Requirement: Please copy every line from the following entries in which the word "half" appears.

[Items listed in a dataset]
------------------------------------------------------------

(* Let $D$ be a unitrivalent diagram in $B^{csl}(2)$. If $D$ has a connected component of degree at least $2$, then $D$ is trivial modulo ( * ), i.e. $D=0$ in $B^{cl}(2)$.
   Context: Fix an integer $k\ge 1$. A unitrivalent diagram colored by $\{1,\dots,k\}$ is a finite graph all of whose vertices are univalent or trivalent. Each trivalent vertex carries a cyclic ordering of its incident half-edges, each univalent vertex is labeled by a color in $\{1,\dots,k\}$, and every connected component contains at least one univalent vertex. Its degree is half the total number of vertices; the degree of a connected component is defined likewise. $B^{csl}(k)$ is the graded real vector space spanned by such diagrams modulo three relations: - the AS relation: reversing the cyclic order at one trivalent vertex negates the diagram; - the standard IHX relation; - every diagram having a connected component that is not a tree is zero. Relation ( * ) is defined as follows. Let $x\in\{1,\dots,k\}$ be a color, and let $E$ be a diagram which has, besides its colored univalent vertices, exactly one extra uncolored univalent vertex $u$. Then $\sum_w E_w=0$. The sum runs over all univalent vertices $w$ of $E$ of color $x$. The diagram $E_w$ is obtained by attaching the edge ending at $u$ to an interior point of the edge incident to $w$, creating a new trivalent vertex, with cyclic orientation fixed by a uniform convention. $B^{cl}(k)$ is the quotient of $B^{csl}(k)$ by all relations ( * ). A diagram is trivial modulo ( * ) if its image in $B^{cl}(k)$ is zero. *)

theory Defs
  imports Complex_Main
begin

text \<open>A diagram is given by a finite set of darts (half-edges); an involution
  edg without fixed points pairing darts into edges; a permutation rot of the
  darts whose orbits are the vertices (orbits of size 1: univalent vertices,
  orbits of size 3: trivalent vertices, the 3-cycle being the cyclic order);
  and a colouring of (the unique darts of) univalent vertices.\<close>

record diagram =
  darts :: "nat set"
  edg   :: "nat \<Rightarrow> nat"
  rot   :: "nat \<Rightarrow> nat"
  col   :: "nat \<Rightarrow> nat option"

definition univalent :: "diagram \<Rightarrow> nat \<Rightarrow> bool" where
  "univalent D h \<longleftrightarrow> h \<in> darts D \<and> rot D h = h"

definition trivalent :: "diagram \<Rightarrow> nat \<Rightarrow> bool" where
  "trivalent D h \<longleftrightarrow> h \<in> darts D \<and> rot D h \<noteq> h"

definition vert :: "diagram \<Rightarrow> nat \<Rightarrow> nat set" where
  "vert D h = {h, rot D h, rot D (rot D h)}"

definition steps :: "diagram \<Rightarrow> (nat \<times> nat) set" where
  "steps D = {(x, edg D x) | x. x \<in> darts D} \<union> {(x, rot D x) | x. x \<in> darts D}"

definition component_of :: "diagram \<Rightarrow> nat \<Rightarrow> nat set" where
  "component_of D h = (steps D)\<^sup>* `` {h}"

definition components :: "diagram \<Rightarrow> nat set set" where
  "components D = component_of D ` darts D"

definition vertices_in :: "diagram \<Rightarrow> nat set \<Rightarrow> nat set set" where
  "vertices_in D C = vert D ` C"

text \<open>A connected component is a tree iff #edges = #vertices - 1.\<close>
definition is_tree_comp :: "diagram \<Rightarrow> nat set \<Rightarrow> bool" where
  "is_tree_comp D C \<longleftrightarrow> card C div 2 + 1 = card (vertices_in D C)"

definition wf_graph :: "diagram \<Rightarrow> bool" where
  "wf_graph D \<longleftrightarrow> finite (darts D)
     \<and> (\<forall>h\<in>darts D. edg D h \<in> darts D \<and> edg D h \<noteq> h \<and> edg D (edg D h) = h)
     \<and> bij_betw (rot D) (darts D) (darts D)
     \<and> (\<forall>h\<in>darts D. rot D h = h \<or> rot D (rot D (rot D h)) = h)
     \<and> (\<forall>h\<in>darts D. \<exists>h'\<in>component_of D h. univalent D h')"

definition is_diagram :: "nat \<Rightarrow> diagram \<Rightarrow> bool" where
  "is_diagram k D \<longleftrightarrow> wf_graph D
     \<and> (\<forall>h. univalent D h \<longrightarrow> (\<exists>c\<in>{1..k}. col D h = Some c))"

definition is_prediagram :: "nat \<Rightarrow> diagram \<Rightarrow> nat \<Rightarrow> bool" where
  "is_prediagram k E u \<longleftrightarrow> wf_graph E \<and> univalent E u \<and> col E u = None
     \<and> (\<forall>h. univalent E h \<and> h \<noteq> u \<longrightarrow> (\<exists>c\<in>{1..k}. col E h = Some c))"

------------------------------------------------------------

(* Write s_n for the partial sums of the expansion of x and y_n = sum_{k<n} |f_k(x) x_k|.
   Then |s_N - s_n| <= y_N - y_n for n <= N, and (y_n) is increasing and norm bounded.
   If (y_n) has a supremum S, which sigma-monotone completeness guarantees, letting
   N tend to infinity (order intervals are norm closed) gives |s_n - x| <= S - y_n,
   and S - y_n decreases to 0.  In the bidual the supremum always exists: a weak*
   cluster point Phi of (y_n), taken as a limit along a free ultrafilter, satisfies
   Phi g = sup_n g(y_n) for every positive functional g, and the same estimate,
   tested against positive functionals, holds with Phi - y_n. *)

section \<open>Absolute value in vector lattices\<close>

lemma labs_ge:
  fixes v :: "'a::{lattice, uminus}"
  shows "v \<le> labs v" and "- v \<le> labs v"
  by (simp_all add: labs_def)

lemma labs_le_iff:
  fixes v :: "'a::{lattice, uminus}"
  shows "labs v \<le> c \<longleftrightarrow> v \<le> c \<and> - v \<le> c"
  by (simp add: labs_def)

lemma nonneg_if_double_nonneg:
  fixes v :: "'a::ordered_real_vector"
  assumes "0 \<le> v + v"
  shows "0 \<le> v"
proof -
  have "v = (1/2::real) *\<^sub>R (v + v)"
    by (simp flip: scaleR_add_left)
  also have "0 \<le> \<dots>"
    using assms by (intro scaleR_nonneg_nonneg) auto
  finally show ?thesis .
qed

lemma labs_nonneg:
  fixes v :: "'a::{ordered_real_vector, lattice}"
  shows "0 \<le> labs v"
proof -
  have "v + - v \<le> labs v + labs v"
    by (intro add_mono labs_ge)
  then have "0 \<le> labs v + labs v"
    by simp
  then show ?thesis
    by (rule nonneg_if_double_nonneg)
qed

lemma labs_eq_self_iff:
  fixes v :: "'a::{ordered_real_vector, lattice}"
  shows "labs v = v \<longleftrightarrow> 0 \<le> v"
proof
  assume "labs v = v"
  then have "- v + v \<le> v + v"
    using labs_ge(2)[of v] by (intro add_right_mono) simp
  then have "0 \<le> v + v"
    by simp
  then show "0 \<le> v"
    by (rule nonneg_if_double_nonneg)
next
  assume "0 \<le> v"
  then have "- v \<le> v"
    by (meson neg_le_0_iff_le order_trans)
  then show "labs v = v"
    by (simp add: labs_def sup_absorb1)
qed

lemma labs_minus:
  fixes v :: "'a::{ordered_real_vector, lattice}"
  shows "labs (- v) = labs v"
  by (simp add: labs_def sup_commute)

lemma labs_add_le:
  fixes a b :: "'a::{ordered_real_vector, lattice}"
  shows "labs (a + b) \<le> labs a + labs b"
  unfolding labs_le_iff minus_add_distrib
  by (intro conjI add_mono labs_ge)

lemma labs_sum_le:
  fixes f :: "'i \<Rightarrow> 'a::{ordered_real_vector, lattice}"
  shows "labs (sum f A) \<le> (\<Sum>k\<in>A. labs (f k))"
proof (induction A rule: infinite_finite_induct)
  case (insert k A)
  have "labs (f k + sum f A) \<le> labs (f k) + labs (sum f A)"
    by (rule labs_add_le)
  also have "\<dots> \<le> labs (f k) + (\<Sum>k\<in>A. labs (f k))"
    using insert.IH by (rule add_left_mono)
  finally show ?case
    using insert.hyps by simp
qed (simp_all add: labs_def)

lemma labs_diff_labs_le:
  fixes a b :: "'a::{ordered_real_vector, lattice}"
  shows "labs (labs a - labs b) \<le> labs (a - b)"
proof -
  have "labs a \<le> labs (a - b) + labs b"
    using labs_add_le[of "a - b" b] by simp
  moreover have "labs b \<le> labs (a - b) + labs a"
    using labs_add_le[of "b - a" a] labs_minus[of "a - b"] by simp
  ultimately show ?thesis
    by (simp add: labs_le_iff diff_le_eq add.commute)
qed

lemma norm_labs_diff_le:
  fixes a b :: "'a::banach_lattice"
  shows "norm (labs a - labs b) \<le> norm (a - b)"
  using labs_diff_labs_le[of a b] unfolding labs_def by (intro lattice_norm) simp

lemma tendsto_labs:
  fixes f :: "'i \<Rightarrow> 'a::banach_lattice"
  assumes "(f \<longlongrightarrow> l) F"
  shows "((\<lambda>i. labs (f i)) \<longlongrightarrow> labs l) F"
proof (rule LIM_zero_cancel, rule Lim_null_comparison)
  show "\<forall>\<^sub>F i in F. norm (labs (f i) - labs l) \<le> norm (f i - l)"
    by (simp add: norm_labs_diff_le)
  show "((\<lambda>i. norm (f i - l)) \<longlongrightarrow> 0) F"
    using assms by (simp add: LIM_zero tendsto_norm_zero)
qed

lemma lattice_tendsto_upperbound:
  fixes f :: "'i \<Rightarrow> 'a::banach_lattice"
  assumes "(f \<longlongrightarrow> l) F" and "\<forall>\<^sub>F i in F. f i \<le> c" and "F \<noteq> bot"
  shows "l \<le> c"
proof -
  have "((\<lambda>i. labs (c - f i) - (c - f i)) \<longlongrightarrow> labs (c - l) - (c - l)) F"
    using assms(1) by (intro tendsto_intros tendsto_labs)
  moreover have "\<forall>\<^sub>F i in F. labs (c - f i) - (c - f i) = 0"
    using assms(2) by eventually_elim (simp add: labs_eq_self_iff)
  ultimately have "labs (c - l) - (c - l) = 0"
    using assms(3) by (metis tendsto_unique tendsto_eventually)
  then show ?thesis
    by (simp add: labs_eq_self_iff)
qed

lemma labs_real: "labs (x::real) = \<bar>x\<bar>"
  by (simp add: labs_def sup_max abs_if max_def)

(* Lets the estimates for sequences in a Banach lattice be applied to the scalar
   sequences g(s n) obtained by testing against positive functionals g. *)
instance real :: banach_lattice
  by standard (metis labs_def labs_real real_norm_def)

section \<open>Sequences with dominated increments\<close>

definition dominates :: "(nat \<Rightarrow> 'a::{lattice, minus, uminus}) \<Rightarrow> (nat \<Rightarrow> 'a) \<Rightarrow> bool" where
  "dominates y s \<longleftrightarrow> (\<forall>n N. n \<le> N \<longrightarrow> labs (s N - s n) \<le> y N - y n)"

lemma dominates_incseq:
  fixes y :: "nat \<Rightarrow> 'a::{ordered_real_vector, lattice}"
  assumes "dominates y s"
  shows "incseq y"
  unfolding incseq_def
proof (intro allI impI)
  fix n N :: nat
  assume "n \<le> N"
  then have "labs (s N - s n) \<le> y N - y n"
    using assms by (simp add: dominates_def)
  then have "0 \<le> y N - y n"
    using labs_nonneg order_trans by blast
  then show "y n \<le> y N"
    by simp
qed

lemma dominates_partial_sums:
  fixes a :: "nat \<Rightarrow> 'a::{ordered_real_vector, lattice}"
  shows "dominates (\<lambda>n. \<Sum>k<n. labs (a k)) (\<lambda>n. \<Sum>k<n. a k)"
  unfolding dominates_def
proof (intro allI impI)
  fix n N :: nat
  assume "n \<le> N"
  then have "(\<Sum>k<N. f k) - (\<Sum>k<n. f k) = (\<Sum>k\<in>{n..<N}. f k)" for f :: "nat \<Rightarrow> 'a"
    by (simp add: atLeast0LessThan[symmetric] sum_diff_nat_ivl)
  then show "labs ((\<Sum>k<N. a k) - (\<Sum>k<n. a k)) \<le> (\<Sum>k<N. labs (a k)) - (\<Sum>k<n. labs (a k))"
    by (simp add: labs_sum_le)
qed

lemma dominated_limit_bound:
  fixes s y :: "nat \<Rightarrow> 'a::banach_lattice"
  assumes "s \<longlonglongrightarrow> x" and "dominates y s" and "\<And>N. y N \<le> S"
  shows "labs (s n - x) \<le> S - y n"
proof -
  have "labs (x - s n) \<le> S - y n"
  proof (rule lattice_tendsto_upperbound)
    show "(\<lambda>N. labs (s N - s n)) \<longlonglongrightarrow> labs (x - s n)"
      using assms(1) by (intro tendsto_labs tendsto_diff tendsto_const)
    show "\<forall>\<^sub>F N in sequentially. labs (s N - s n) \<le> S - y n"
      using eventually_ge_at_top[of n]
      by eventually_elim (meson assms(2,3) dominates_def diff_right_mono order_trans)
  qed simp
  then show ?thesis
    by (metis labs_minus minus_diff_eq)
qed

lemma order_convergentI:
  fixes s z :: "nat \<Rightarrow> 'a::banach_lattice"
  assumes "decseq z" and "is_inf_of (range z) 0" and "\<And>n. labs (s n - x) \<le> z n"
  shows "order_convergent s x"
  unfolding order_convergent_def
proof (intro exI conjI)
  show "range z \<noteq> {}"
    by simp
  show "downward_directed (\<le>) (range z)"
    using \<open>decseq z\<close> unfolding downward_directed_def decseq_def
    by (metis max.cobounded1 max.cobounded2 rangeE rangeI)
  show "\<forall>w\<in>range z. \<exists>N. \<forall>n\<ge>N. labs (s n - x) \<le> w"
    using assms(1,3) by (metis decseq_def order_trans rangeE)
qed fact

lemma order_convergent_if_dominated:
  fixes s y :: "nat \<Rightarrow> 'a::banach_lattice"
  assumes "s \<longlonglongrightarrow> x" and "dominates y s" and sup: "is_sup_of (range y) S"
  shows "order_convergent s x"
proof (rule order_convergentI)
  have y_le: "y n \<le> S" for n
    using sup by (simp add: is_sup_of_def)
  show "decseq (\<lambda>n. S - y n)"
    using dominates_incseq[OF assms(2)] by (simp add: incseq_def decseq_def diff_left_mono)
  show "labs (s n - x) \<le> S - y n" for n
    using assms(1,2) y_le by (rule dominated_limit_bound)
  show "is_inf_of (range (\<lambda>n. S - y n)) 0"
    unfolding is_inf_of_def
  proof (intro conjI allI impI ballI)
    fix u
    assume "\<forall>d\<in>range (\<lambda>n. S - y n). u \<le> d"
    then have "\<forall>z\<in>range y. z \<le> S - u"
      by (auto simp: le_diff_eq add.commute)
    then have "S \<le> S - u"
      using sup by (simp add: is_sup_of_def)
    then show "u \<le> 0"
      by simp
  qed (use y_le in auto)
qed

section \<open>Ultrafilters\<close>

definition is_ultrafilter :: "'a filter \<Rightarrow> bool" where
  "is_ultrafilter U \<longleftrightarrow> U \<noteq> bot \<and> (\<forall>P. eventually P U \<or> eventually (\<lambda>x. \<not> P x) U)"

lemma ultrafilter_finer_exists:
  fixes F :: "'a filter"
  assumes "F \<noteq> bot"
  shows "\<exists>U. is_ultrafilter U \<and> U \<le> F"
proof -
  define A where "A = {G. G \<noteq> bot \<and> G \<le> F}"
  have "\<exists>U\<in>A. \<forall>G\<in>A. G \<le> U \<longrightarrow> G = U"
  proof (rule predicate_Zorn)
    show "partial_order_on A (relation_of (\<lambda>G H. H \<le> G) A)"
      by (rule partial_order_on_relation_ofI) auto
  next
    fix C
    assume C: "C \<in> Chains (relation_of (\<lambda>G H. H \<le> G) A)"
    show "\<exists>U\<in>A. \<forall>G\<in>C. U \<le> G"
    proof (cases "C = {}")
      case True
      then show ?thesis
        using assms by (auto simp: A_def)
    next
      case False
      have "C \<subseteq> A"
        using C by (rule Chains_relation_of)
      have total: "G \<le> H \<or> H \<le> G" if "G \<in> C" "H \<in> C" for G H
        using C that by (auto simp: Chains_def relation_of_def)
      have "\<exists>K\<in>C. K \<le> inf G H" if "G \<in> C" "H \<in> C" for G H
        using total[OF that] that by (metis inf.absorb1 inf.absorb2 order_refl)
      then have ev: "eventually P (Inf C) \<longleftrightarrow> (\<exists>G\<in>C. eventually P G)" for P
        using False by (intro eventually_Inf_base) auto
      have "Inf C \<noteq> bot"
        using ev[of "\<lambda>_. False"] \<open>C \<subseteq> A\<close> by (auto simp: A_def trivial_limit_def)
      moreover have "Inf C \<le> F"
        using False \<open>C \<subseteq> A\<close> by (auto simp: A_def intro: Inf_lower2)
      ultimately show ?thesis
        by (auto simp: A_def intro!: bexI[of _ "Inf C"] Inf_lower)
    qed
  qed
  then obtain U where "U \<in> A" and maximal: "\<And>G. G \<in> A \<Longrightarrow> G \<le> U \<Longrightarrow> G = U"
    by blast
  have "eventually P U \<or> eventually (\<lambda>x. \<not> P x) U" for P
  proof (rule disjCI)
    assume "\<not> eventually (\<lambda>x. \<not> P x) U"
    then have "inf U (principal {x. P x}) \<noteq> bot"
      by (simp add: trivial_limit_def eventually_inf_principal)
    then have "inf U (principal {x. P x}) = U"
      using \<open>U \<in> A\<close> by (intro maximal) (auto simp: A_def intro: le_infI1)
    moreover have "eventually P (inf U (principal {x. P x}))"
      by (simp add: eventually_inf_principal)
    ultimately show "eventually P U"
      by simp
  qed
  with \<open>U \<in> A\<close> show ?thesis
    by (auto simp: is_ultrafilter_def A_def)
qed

------------------------------------------------------------

Output below:
   Context: Fix an integer $k\ge 1$. A unitrivalent diagram colored by $\{1,\dots,k\}$ is a finite graph all of whose vertices are univalent or trivalent. Each trivalent vertex carries a cyclic ordering of its incident half-edges, each univalent vertex is labeled by a color in $\{1,\dots,k\}$, and every connected component contains at least one univalent vertex. Its degree is half the total number of vertices; the degree of a connected component is defined likewise. $B^{csl}(k)$ is the graded real vector space spanned by such diagrams modulo three relations: - the AS relation: reversing the cyclic order at one trivalent vertex negates the diagram; - the standard IHX relation; - every diagram having a connected component that is not a tree is zero. Relation ( * ) is defined as follows. Let $x\in\{1,\dots,k\}$ be a color, and let $E$ be a diagram which has, besides its colored univalent vertices, exactly one extra uncolored univalent vertex $u$. Then $\sum_w E_w=0$. The sum runs over all univalent vertices $w$ of $E$ of color $x$. The diagram $E_w$ is obtained by attaching the edge ending at $u$ to an interior point of the edge incident to $w$, creating a new trivalent vertex, with cyclic orientation fixed by a uniform convention. $B^{cl}(k)$ is the quotient of $B^{csl}(k)$ by all relations ( * ). A diagram is trivial modulo ( * ) if its image in $B^{cl}(k)$ is zero. *)
text \<open>A diagram is given by a finite set of darts (half-edges); an involution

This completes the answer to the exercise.